Record excerpts START

(* Let $n\ge 2$. Let $\hat a_{i,i-1}>0$ and $\hat b_{i,i-1}\in\mathbb{R}$ for $2\le i\le n$, and for $1\le m\le k\le n$ put $\hat a_{k,m}:=\prod_{i=m+1}^{k}\hat a_{i,i-1}$ (so $\hat a_{k,k}=1$). Let $L_i\in\mathbb{R}$ ($2\le i\le n$) and $R_i\in\mathbb{R}$ ($1\le i\le n-1$) satisfy $L_i=\hat a_{i,i-1}R_{i-1}+\hat b_{i,i-1}$ for $2\le i\le n$, and $L_i\le R_i$ for $2\le i\le n-1$. Suppose $\prod_{i=1}^{j}\hat a_{n-(i-1),n-i}=\hat a_{n,n-j}\le 1$ for all $1\le j\le n-1$. Then for every $1\le j\le n-1$, $$\sum_{i=1}^{j}\bigl(L_{n-(i-1)}-R_{n-i}\bigr)\le(\hat a_{n,n-j}-1)\,R_{n-j}+\hat b_{n,n-1}+\sum_{i=n-j+1}^{n-1}\hat a_{n,i}\,\hat b_{i,i-1}.$$
   Context: Setting: a timing packet traverses a chain of nodes $1,\ldots,n$; $L_i=\tau^{i,l}(t_{i,l})$ is the receive time-stamp of node $i$ and $R_i=\tau^{i,r}(t_{i,r})$ the send time-stamp of node $i$, generated by arbitrary "left" and "right" clocks. $\hat a_{i,i-1},\hat b_{i,i-1}$ are declared relative skews and offsets; $L_i=\hat a_{i,i-1}R_{i-1}+\hat b_{i,i-1}$ is the skew-consistency condition and $L_i\le R_i$ is causality. *)

theory Defs
  imports Main "HOL.Real"
begin

definition ahat :: "(nat \<Rightarrow> real) \<Rightarrow> nat \<Rightarrow> nat \<Rightarrow> real" where
  "ahat a k m = (\<Prod>i\<in>{m+1..k}. a i)"

end

theory Submission
  imports Defs
begin

text \<open>Read from the last node backwards, the offset sum telescopes. Each hop contributes
  L (m+1) - R m, and the remainder (A - 1) * R (m+1), with A = ahat a n (m+1) \<le> 1, is pushed one
  node down: causality bounds it by (A - 1) * L (m+1), and the skew relation turns A * L (m+1)
  into ahat a n m * R m + A * b (m+1).\<close>

lemma ahat_self [simp]: "ahat a k k = 1"
  by (simp add: ahat_def)

lemma ahat_Suc_lower: "m < k \<Longrightarrow> ahat a k m = a (Suc m) * ahat a k (Suc m)"
  unfolding ahat_def by (simp add: prod.atLeast_Suc_atMost)

lemma sum_reflect_atLeastAtMost:
  fixes f :: "nat \<Rightarrow> 'b::comm_monoid_add"
  assumes "j \<le> n"
  shows "(\<Sum>i=1..j. f (n - (i - 1))) = (\<Sum>i=n-j+1..n. f i)"
  by (rule sum.reindex_bij_witness[where i = "\<lambda>i. n + 1 - i" and j = "\<lambda>i. n + 1 - i"])
    (use assms in auto)

lemma offset_sum_le:
  fixes a b L R :: "nat \<Rightarrow> real"
  assumes "k \<le> n"
    and skew: "\<And>i. k < i \<Longrightarrow> i \<le> n \<Longrightarrow> L i = a i * R (i - 1) + b i"
    and causal: "\<And>i. k < i \<Longrightarrow> i < n \<Longrightarrow> L i \<le> R i"
    and ahat_le: "\<And>i. k < i \<Longrightarrow> i < n \<Longrightarrow> ahat a n i \<le> 1"
  shows "(\<Sum>i=k+1..n. L i - R (i - 1))
           \<le> (ahat a n k - 1) * R k + (\<Sum>i=k+1..n. ahat a n i * b i)"
  using \<open>k \<le> n\<close>
proof (induction k rule: inc_induct)
  case base
  then show ?case by simp
next
  case (step m)
  let ?A = "ahat a n (Suc m)"
  have remainder: "(?A - 1) * R (Suc m) \<le> (?A - 1) * L (Suc m)"
  proof (cases "Suc m = n")
    case False
    with step.hyps have "?A \<le> 1" "L (Suc m) \<le> R (Suc m)"
      using ahat_le causal by auto
    then show ?thesis by (simp add: mult_left_mono_neg)
  qed simp
  have "(\<Sum>i=m+1..n. L i - R (i - 1))
        = (L (Suc m) - R m) + (\<Sum>i=Suc m+1..n. L i - R (i - 1))"
    using step.hyps by (simp add: sum.atLeast_Suc_atMost)
  also have "\<dots> \<le> (L (Suc m) - R m) + (?A - 1) * R (Suc m) + (\<Sum>i=Suc m+1..n. ahat a n i * b i)"
    using step.IH by simp
  also have "\<dots> \<le> (L (Suc m) - R m) + (?A - 1) * L (Suc m) + (\<Sum>i=Suc m+1..n. ahat a n i * b i)"
    using remainder by simp
  also have "\<dots> = (a (Suc m) * ?A - 1) * R m + ?A * b (Suc m) + (\<Sum>i=Suc m+1..n. ahat a n i * b i)"
    using skew[of "Suc m"] step.hyps by (simp add: algebra_simps)
  also have "\<dots> = (ahat a n m - 1) * R m + (\<Sum>i=m+1..n. ahat a n i * b i)"
    using step.hyps by (simp add: ahat_Suc_lower sum.atLeast_Suc_atMost)
  finally show ?case .
qed

theorem lemma2:
  fixes n :: nat and a b L R :: "nat \<Rightarrow> real"
  assumes n2: "n \<ge> 2"
    and apos: "\<And>i. 2 \<le> i \<Longrightarrow> i \<le> n \<Longrightarrow> a i > 0"
    and skew: "\<And>i. 2 \<le> i \<Longrightarrow> i \<le> n \<Longrightarrow> L i = a i * R (i - 1) + b i"
    and causal: "\<And>i. 2 \<le> i \<Longrightarrow> i \<le> n - 1 \<Longrightarrow> L i \<le> R i"
    and prod_le: "\<And>j. 1 \<le> j \<Longrightarrow> j \<le> n - 1 \<Longrightarrow>
         (\<Prod>i=1..j. a (n - (i - 1))) = ahat a n (n - j) \<and> ahat a n (n - j) \<le> 1"
  shows "\<forall>j. 1 \<le> j \<and> j \<le> n - 1 \<longrightarrow>
     (\<Sum>i=1..j. L (n - (i - 1)) - R (n - i))
       \<le> (ahat a n (n - j) - 1) * R (n - j) + b n
          + (\<Sum>i=n-j+1..n-1. ahat a n i * b i)"
proof (intro allI impI)
  fix j assume j: "1 \<le> j \<and> j \<le> n - 1"
  have ahat_le: "ahat a n i \<le> 1" if "n - j < i" "i < n" for i
    using prod_le[of "n - i"] that by auto
  have "(\<Sum>i=n-j+1..n. L i - R (i - 1))
        \<le> (ahat a n (n - j) - 1) * R (n - j) + (\<Sum>i=n-j+1..n. ahat a n i * b i)"
    by (rule offset_sum_le) (use j skew causal ahat_le in auto)
  moreover have "(\<Sum>i=1..j. L (n - (i - 1)) - R (n - i)) = (\<Sum>i=n-j+1..n. L i - R (i - 1))"
    using sum_reflect_atLeastAtMost[of j n "\<lambda>i. L i - R (i - 1)"] j by force
  moreover have "(\<Sum>i=n-j+1..n. ahat a n i * b i) = b n + (\<Sum>i=n-j+1..n-1. ahat a n i * b i)"
    using j n2 sum.cl_ivl_Suc[of "\<lambda>i. ahat a n i * b i" "n - j + 1" "n - 1"] by auto
  ultimately show "(\<Sum>i=1..j. L (n - (i - 1)) - R (n - i))
       \<le> (ahat a n (n - j) - 1) * R (n - j) + b n + (\<Sum>i=n-j+1..n-1. ahat a n i * b i)"
    by simp
qed

end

Record excerpts END

§ Instructions for the task: Out of the data above, give again only the lines starting at the one holding "by (rule offset_sum_le)" and ending at the one holding "using sum_reflect_atLeastAtMost[of j", unchanged.

§ Your response:
    by (rule offset_sum_le) (use j skew causal ahat_le in auto)
  moreover have "(\<Sum>i=1..j. L (n - (i - 1)) - R (n - i)) = (\<Sum>i=n-j+1..n. L i - R (i - 1))"
    using sum_reflect_atLeastAtMost[of j n "\<lambda>i. L i - R (i - 1)"] j by force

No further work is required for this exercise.